Are you concerned about losing your health insurance when your spouse becomes eligible for Medicare? You’re not alone.

I get asked this question all the time. Don’t panic, you’ll have plenty of options, which I will highlight in this article.

I often refer to the younger spouse as the “trailing spouse.” When one spouse goes on to Medicare,it can raise the anxiety of the other spouse. In reality, if your health insurance coverage comes through your spouse’s job, you may lose that coverage when he or she retires and enroll in Medicare. Not so long ago, this was a scary and expensive prospect, but things have changed. Now you have several options for health insurance if you’re losing your health insurance because your spouse is transitioning to Medicare.

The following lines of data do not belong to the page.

(* Let $n\ge2$ and let $h:\mathbb{B}^n\to\mathbb{B}^n$ be a Möbius transformation mapping $\mathbb{B}^n$ onto itself. Then for all $x,y\in\mathbb{B}^n$ and each $d\in\{j^*,w,s,p\}$, $$d_{\mathbb{B}^n}(h(x),h(y))\le\frac{2d_{\mathbb{B}^n}(x,y)}{1+d_{\mathbb{B}^n}(x,y)^2}\le2d_{\mathbb{B}^n}(x,y),$$ and the constant $2$ in the second (linear) bound $d_{\mathbb{B}^n}(h(x),h(y))\le 2d_{\mathbb{B}^n}(x,y)$ is sharp.
   Context: $\mathbb{B}^n$ is the unit ball; $S^{n-1}(x,r)$ is the Euclidean sphere of center $x$ and radius $r$. A Möbius transformation of $\overline{\mathbb{R}}^n=\mathbb{R}^n\cup\{\infty\}$ is a finite composition of reflections in hyperplanes and inversions in spheres. For a domain $G\subsetneq\mathbb{R}^n$ and $x\in G$, $d_G(x)=\inf\{|x-z|:z\in\partial G\}$. $j^*_G(x,y)=\frac{|x-y|}{|x-y|+2\min\{d_G(x),d_G(y)\}}$; $s_G(x,y)=\frac{|x-y|}{\inf_{z\in\partial G}(|x-z|+|z-y|)}$; $p_G(x,y)=\frac{|x-y|}{\sqrt{|x-y|^2+4d_G(x)d_G(y)}}$; for convex $G$, $w_G(x,y)=\frac{|x-y|}{\min\{\inf_{\tilde y\in\tilde Y}|x-\tilde y|,\ \inf_{\tilde x\in\tilde X}|y-\tilde x|\}}$ with $\tilde X=\{\tilde x\in S^{n-1}(x,2d_G(x)):(x+\tilde x)/2\in\partial G\}$, $\tilde Y=\{\tilde y\in S^{n-1}(y,2d_G(y)):(y+\tilde y)/2\in\partial G\}$. *)

theory Defs
  imports "HOL-Analysis.Analysis"
begin

text \<open>Extended space: the type 'a option, where None plays the role of the point at infinity.\<close>

definition hyperplane_reflection :: "'a::euclidean_space \<Rightarrow> real \<Rightarrow> 'a option \<Rightarrow> 'a option" where
  "hyperplane_reflection a t p =
     (case p of None \<Rightarrow> None
      | Some x \<Rightarrow> Some (x - (2 * (a \<bullet> x - t) / (a \<bullet> a)) *\<^sub>R a))"

definition sphere_inversion :: "'a::euclidean_space \<Rightarrow> real \<Rightarrow> 'a option \<Rightarrow> 'a option" where
  "sphere_inversion c r p =
     (case p of None \<Rightarrow> Some c
      | Some x \<Rightarrow> (if x = c then None
                   else Some (c + (r\<^sup>2 / (norm (x - c))\<^sup>2) *\<^sub>R (x - c))))"
(* For every integer $n\ge 0$, \[ \int_{\mathbb{Z}_p}\binom{x/2}{n}\,d\mu_q(x)=(-1)^n2^{-2n}d_{n,q}=\frac{1}{n!}\sum_{m=0}^{n}\Big(\frac12\Big)^m B_{m,q}S_1(n,m). \]
   Context: Let $p$ be a fixed odd prime, $\mathbb{Z}_p$ the $p$-adic integers, $\mathbb{C}_p$ the completion of the algebraic closure of $\mathbb{Q}_p$, with $|p|_p=1/p$. Let $q\in\mathbb{C}_p$ with $|1-q|_p<p^{-1/(p-1)}$, $[x]_q=\frac{1-q^x}{1-q}$, and $\log$ the $p$-adic logarithm. For a uniformly differentiable function $f$ on $\mathbb{Z}_p$, the $p$-adic $q$-integral is \[ \int_{\mathbb{Z}_p}f(x)\,d\mu_q(x)=\lim_{N\to\infty}\frac{1}{[p^N]_q}\sum_{x=0}^{p^N-1}f(x)q^x. \] The $q$-Bernoulli numbers $B_{n,q}$ are defined by $\frac{(q-1)+\frac{q-1}{\log q}t}{qe^t-1}=\sum_{n\ge0}B_{n,q}\frac{t^n}{n!}$. The numbers $d_{n,q}$ are defined by \[ \frac{q-1+\frac{q-1}{\log q}\cdot\frac12\log(1-4t)}{q\sqrt{1-4t}-1}=\sum_{n=0}^{\infty}d_{n,q}t^n, \] for $t\in\mathbb{C}_p$ with $|t|_p<p^{-1/(p-1)}$. $S_1(n,m)$ are the Stirling numbers of the first kind: $(x)_n=\sum_{l=0}^n S_1(n,l)x^l$ with $(x)_n=x(x-1)\cdots(x-n+1)$, $(x)_0=1$. Here $\binom{x/2}{n}=\frac{(x/2)_n}{n!}$. *)

theory Defs
  imports "HOL-Analysis.Analysis" "HOL-Computational_Algebra.Formal_Power_Series"
    "HOL-Computational_Algebra.Polynomial"
begin

definition vtends :: "('a::field \<Rightarrow> real) \<Rightarrow> (nat \<Rightarrow> 'a) \<Rightarrow> 'a \<Rightarrow> bool" where
  "vtends v s L \<longleftrightarrow> (\<forall>e>0. \<exists>N. \<forall>n\<ge>N. v (s n - L) < e)"

definition vcauchy :: "('a::field \<Rightarrow> real) \<Rightarrow> (nat \<Rightarrow> 'a) \<Rightarrow> bool" where
  "vcauchy v s \<longleftrightarrow> (\<forall>e>0. \<exists>N. \<forall>m\<ge>N. \<forall>n\<ge>N. v (s m - s n) < e)"

(* (K, v) is (isometrically isomorphic to) C_p with |p|_p = 1/p:
   a complete, algebraically closed, non-archimedean valued field with |p| = 1/p
   in which the elements algebraic over Q are dense.  These properties characterize
   C_p up to isometric isomorphism. *)
definition is_Cp :: "nat \<Rightarrow> ('a::field_char_0 \<Rightarrow> real) \<Rightarrow> bool" where
  "is_Cp p v \<longleftrightarrow>
     (\<forall>x. 0 \<le> v x) \<and> (\<forall>x. v x = 0 \<longleftrightarrow> x = 0) \<and>
     (\<forall>x y. v (x * y) = v x * v y) \<and>
     (\<forall>x y. v (x + y) \<le> max (v x) (v y)) \<and>
     v (of_nat p) = 1 / real p \<and>
     (\<forall>s. vcauchy v s \<longrightarrow> (\<exists>L. vtends v s L)) \<and>
     (\<forall>P :: 'a poly. 0 < degree P \<longrightarrow> (\<exists>x. poly P x = 0)) \<and>
     (\<forall>x e. 0 < e \<longrightarrow> (\<exists>y. v (x - y) < e \<and>
          (\<exists>P :: rat poly. P \<noteq> 0 \<and> poly (map_poly of_rat P) y = 0)))"

definition plog :: "('a::field_char_0 \<Rightarrow> real) \<Rightarrow> 'a \<Rightarrow> 'a" where
  "plog v q = (THE L. vtends v (\<lambda>N. \<Sum>k=1..N. (-1)^(k+1) * (q - 1)^k / of_nat k) L)"

definition qnum :: "'a::field \<Rightarrow> nat \<Rightarrow> 'a" where
  "qnum q x = (1 - q ^ x) / (1 - q)"

(* the p-adic q-integral of f (values on the nonnegative integers suffice) has value I *)
definition has_q_integral ::
  "nat \<Rightarrow> ('a::field_char_0 \<Rightarrow> real) \<Rightarrow> 'a \<Rightarrow> (nat \<Rightarrow> 'a) \<Rightarrow> 'a \<Rightarrow> bool" where
  "has_q_integral p v q f I \<longleftrightarrow>
     vtends v (\<lambda>N. (1 / qnum q (p ^ N)) * (\<Sum>x<p ^ N. f x * q ^ x)) I"

definition qBernoulli_gf :: "('a::field_char_0 \<Rightarrow> real) \<Rightarrow> 'a \<Rightarrow> 'a fps" where
  "qBernoulli_gf v q =
     (fps_const (q - 1) + fps_const ((q - 1) / plog v q) * fps_X) /
     (fps_const q * fps_exp 1 - 1)"

definition qBernoulli :: "('a::field_char_0 \<Rightarrow> real) \<Rightarrow> 'a \<Rightarrow> nat \<Rightarrow> 'a" where
  "qBernoulli v q n = fact n * fps_nth (qBernoulli_gf v q) n"

definition sqrt_1m4t :: "'a::field_char_0 fps" where
  "sqrt_1m4t = Abs_fps (\<lambda>k. ((1/2) gchoose k) * (-4) ^ k)"

definition log_1m4t :: "'a::field_char_0 fps" where
  "log_1m4t = Abs_fps (\<lambda>k. if k = 0 then 0 else - (4 ^ k) / of_nat k)"

definition d_gf :: "('a::field_char_0 \<Rightarrow> real) \<Rightarrow> 'a \<Rightarrow> 'a fps" where
  "d_gf v q =
     (fps_const (q - 1) + fps_const ((q - 1) / plog v q) * fps_const (1/2) * log_1m4t) /
     (fps_const q * sqrt_1m4t - 1)"

definition dq :: "('a::field_char_0 \<Rightarrow> real) \<Rightarrow> 'a \<Rightarrow> nat \<Rightarrow> 'a" where
  "dq v q n = fps_nth (d_gf v q) n"

definition falling_poly :: "nat \<Rightarrow> int poly" where
  "falling_poly n = (\<Prod>i<n. [:- of_nat i, 1:])"

definition Stirling1 :: "nat \<Rightarrow> nat \<Rightarrow> int" where
  "Stirling1 n l = coeff (falling_poly n) l"

end

theory Submission
  imports Defs
begin

text \<open>
  Writing \<open>(x/2 choose n)\<close> as \<open>1/n! \<Sum>\<^sub>m S\<^sub>1(n,m) (x/2)\<^sup>m\<close> reduces the integral to the moments
  \<open>\<integral> x\<^sup>m d\<mu>\<^sub>q\<close>. Summing the geometric series \<open>\<Sum>\<^sub>x<\<^sub>M (q e\<^sup>t)\<^sup>x\<close> gives
  \<open>1/[M]\<^sub>q \<Sum>\<^sub>x<\<^sub>M x\<^sup>m q\<^sup>x = m! [t\<^sup>m] (q\<^sup>M e\<^sup>M\<^sup>t - 1)/(q\<^sup>M - 1) \<cdot> (q - 1)/(q e\<^sup>t - 1)\<close>.
  For \<open>M = p\<^sup>N\<close> the quotient \<open>(q\<^sup>M - 1)/M\<close> tends \<open>p\<close>-adically to \<open>log q\<close>, because
  \<open>(M - 1 choose j) \<rightarrow> (-1)\<^sup>j\<close>; hence the first factor tends coefficientwise to \<open>1 + t / log q\<close> and the
  \<open>m\<close>-th moment is \<open>B\<^sub>m\<^sub>,\<^sub>q\<close>.

  The identity with \<open>d\<^sub>n\<^sub>,\<^sub>q\<close> is formal: its generating function is that of the \<open>B\<^sub>m\<^sub>,\<^sub>q\<close> composed
  with \<open>u = \<onehalf> log (1 - 4t)\<close>, and \<open>u\<close> satisfies \<open>(1 - 4t) u' = -2\<close>, from which
  \<open>e\<^sup>u = \<surd>(1 - 4t)\<close> and \<open>[t\<^sup>n] u\<^sup>m = m! 2\<^sup>-\<^sup>m S\<^sub>1(n,m) (-4)\<^sup>n / n!\<close> follow by comparing
  coefficients.
\<close>

section \<open>Stirling numbers of the first kind\<close>

lemma falling_poly_Suc: "falling_poly (Suc n) = [:- of_nat n, 1:] * falling_poly n"
  by (simp add: falling_poly_def lessThan_Suc mult.commute)

lemma Stirling1_0_left: "Stirling1 0 m = (if m = 0 then 1 else 0)"
  by (simp add: Stirling1_def falling_poly_def)

lemma Stirling1_0_right: "Stirling1 n 0 = (if n = 0 then 1 else 0)"
  by (induction n) (simp_all add: Stirling1_def falling_poly_Suc falling_poly_def)

lemma Stirling1_Suc_Suc:
  "Stirling1 (Suc n) (Suc m) = Stirling1 n m - of_nat n * Stirling1 n (Suc m)"
  by (simp add: Stirling1_def falling_poly_Suc)

lemma Stirling1_eq_0: "n < m \<Longrightarrow> Stirling1 n m = 0"
proof (induction n arbitrary: m)
  case 0
  then show ?case by (simp add: Stirling1_0_left)
next
  case (Suc n)
  then obtain k where "m = Suc k" "n < k" by (cases m) auto
  then show ?case using Suc.IH by (simp add: Stirling1_Suc_Suc)
qed

lemma prod_diff_of_nat_eq_sum_Stirling1:
  "(\<Prod>i<n. (y::'a::comm_ring_1) - of_nat i) = (\<Sum>m=0..n. of_int (Stirling1 n m) * y ^ m)"
proof (induction n)
  case 0
  then show ?case by (simp add: Stirling1_0_left)
next
  case (Suc n)
  define S where "S = (\<lambda>k. \<Sum>m=0..n. of_int (Stirling1 n (m + k)) * y ^ m)"
  have "S 0 = (\<Sum>m=0..Suc n. of_int (Stirling1 n m) * y ^ m)"
    using Stirling1_eq_0[of n "Suc n"] by (simp add: S_def)
  also have "\<dots> = of_int (Stirling1 n 0) + (\<Sum>m=0..n. of_int (Stirling1 n (Suc m)) * y ^ Suc m)"
    by (subst sum.atLeast0_atMost_Suc_shift) simp
  also have "\<dots> = of_int (Stirling1 n 0) + y * S 1"
    by (simp add: S_def sum_distrib_left mult_ac)
  finally have S0: "S 0 = of_int (Stirling1 n 0) + y * S 1" .
  have "(\<Sum>m=0..Suc n. of_int (Stirling1 (Suc n) m) * y ^ m)
      = of_int (Stirling1 (Suc n) 0) + (\<Sum>m=0..n. of_int (Stirling1 (Suc n) (Suc m)) * y ^ Suc m)"
    by (subst sum.atLeast0_atMost_Suc_shift) simp
  also have "\<dots> = of_int (Stirling1 (Suc n) 0) + y * (S 0 - of_nat n * S 1)"
    by (simp add: S_def Stirling1_Suc_Suc algebra_simps sum_subtractf sum_distrib_left)
  also have "\<dots> = (y - of_nat n) * S 0"
    using S0 by (simp add: Stirling1_0_right algebra_simps)
  finally show ?case
    using Suc.IH by (simp add: S_def lessThan_Suc mult.commute)
qed

lemma gbinomial_eq_sum_Stirling1:
  fixes y :: "'a::field_char_0"
  shows "y gchoose n = (\<Sum>m=0..n. of_int (Stirling1 n m) * y ^ m) / fact n"
  unfolding gbinomial_prod_rev prod_diff_of_nat_eq_sum_Stirling1[symmetric]
  by (simp add: atLeast0LessThan)

section \<open>Power series solving \<open>(1 - a X) F' = b F\<close>\<close>

lemma fps_nth_one_minus_X_times_deriv:
  fixes F :: "'a::comm_ring_1 fps"
  shows "fps_nth ((1 - fps_const a * fps_X) * fps_deriv F) n
           = of_nat (Suc n) * fps_nth F (Suc n) - a * of_nat n * fps_nth F n"
proof -
  have "(1 - fps_const a * fps_X) * fps_deriv F = fps_deriv F - fps_const a * (fps_X * fps_deriv F)"
    by (simp add: algebra_simps)
  then show ?thesis
    by (cases n) (simp_all add: algebra_simps)
qed

lemma fps_linear_ode_unique:
  fixes F G :: "'a::field_char_0 fps"
  assumes "(1 - fps_const a * fps_X) * fps_deriv F = fps_const b * F"
    and "(1 - fps_const a * fps_X) * fps_deriv G = fps_const b * G"
    and "fps_nth F 0 = fps_nth G 0"
  shows "F = G"
proof (rule fps_ext)
  have rec: "of_nat (Suc n) * fps_nth H (Suc n) = (a * of_nat n + b) * fps_nth H n"
    if "(1 - fps_const a * fps_X) * fps_deriv H = fps_const b * H" for H :: "'a fps" and n
    using arg_cong[OF that, of "\<lambda>H. fps_nth H n"]
    by (simp add: fps_nth_one_minus_X_times_deriv algebra_simps del: of_nat_Suc)
  fix n
  show "fps_nth F n = fps_nth G n"
  proof (induction n)
    case 0
    then show ?case using assms(3) .
  next
    case (Suc n)
    then have "of_nat (Suc n) * fps_nth F (Suc n) = of_nat (Suc n) * fps_nth G (Suc n)"
      using rec[OF assms(1), of n] rec[OF assms(2), of n] by simp
    then show ?case by (simp del: of_nat_Suc)
  qed
qed

text \<open>The hypotheses on \<open>u\<close> characterise \<open>u = - c log (1 - a X)\<close>.\<close>

context
  fixes u :: "'a::field_char_0 fps" and a c :: 'a
  assumes u_0: "fps_nth u 0 = 0"
    and u_ode: "(1 - fps_const a * fps_X) * fps_deriv u = fps_const (- a * c)"
begin

lemma fps_nth_power_log_series_rec:
  "of_nat (Suc n) * fps_nth (u ^ Suc k) (Suc n)
     = a * of_nat n * fps_nth (u ^ Suc k) n - a * c * of_nat (Suc k) * fps_nth (u ^ k) n"
proof -
  have "(1 - fps_const a * fps_X) * fps_deriv (u ^ Suc k)
      = fps_const (of_nat (Suc k)) * u ^ k * ((1 - fps_const a * fps_X) * fps_deriv u)"
    by (simp only: fps_deriv_power diff_Suc_1 mult_ac)
  also have "\<dots> = fps_const (of_nat (Suc k)) * u ^ k * fps_const (- a * c)"
    by (simp only: u_ode)
  finally have "fps_nth ((1 - fps_const a * fps_X) * fps_deriv (u ^ Suc k)) n
      = - a * c * of_nat (Suc k) * fps_nth (u ^ k) n"
    by simp
  then show ?thesis
    unfolding fps_nth_one_minus_X_times_deriv by (simp add: algebra_simps)
qed

lemma fps_nth_power_log_series:
  "fps_nth (u ^ m) n = fact m * c ^ m * of_int (Stirling1 n m) * (- a) ^ n / fact n"
proof (induction n arbitrary: m)
  case 0
  then show ?case
    by (cases m) (simp_all add: Stirling1_0_left u_0)
next
  case (Suc n)
  show ?case
  proof (cases m)
    case 0
    then show ?thesis by (simp add: Stirling1_0_right)
  next
    case (Suc k)
    have "of_nat (Suc n) * fps_nth (u ^ Suc k) (Suc n)
        = of_nat (Suc n) * (fact (Suc k) * c ^ Suc k * of_int (Stirling1 (Suc n) (Suc k))
            * (- a) ^ Suc n / fact (Suc n))"
      unfolding fps_nth_power_log_series_rec Suc.IH Stirling1_Suc_Suc
      by (simp add: field_simps del: of_nat_Suc)
    then show ?thesis
      unfolding Suc by (metis mult_cancel_left of_nat_eq_0_iff nat.distinct(1))
  qed
qed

First, it’s important to understand that if your spouse is enrolling in Medicare but continuing to work past the age of 65, he or she can continue to have employer-sponsored coverage, and you can continue to be covered as a spouse on that plan. Many people who continue to work past age 65 have simultaneous coverage under Medicare and employer-sponsored insurance. And some employers provide retiree health benefits that serve as supplementary coverage for Medicare, even after the employee retires. Retiree health plans may or may not offer coverage to spouses, so you’ll want to double-check the terms of your coverage to see what, if any, spousal benefits it will provide after retirement.

But for the remainder of this article, we’ll look at a scenario in which one spouse is retiring and the other spouse will no longer have access to employer-sponsored coverage. If you’re not eligible for Medicare yet, where will you find coverage for yourself? Once again, take a deep breathe because you have several options and your medical history doesn’t have to be a factor.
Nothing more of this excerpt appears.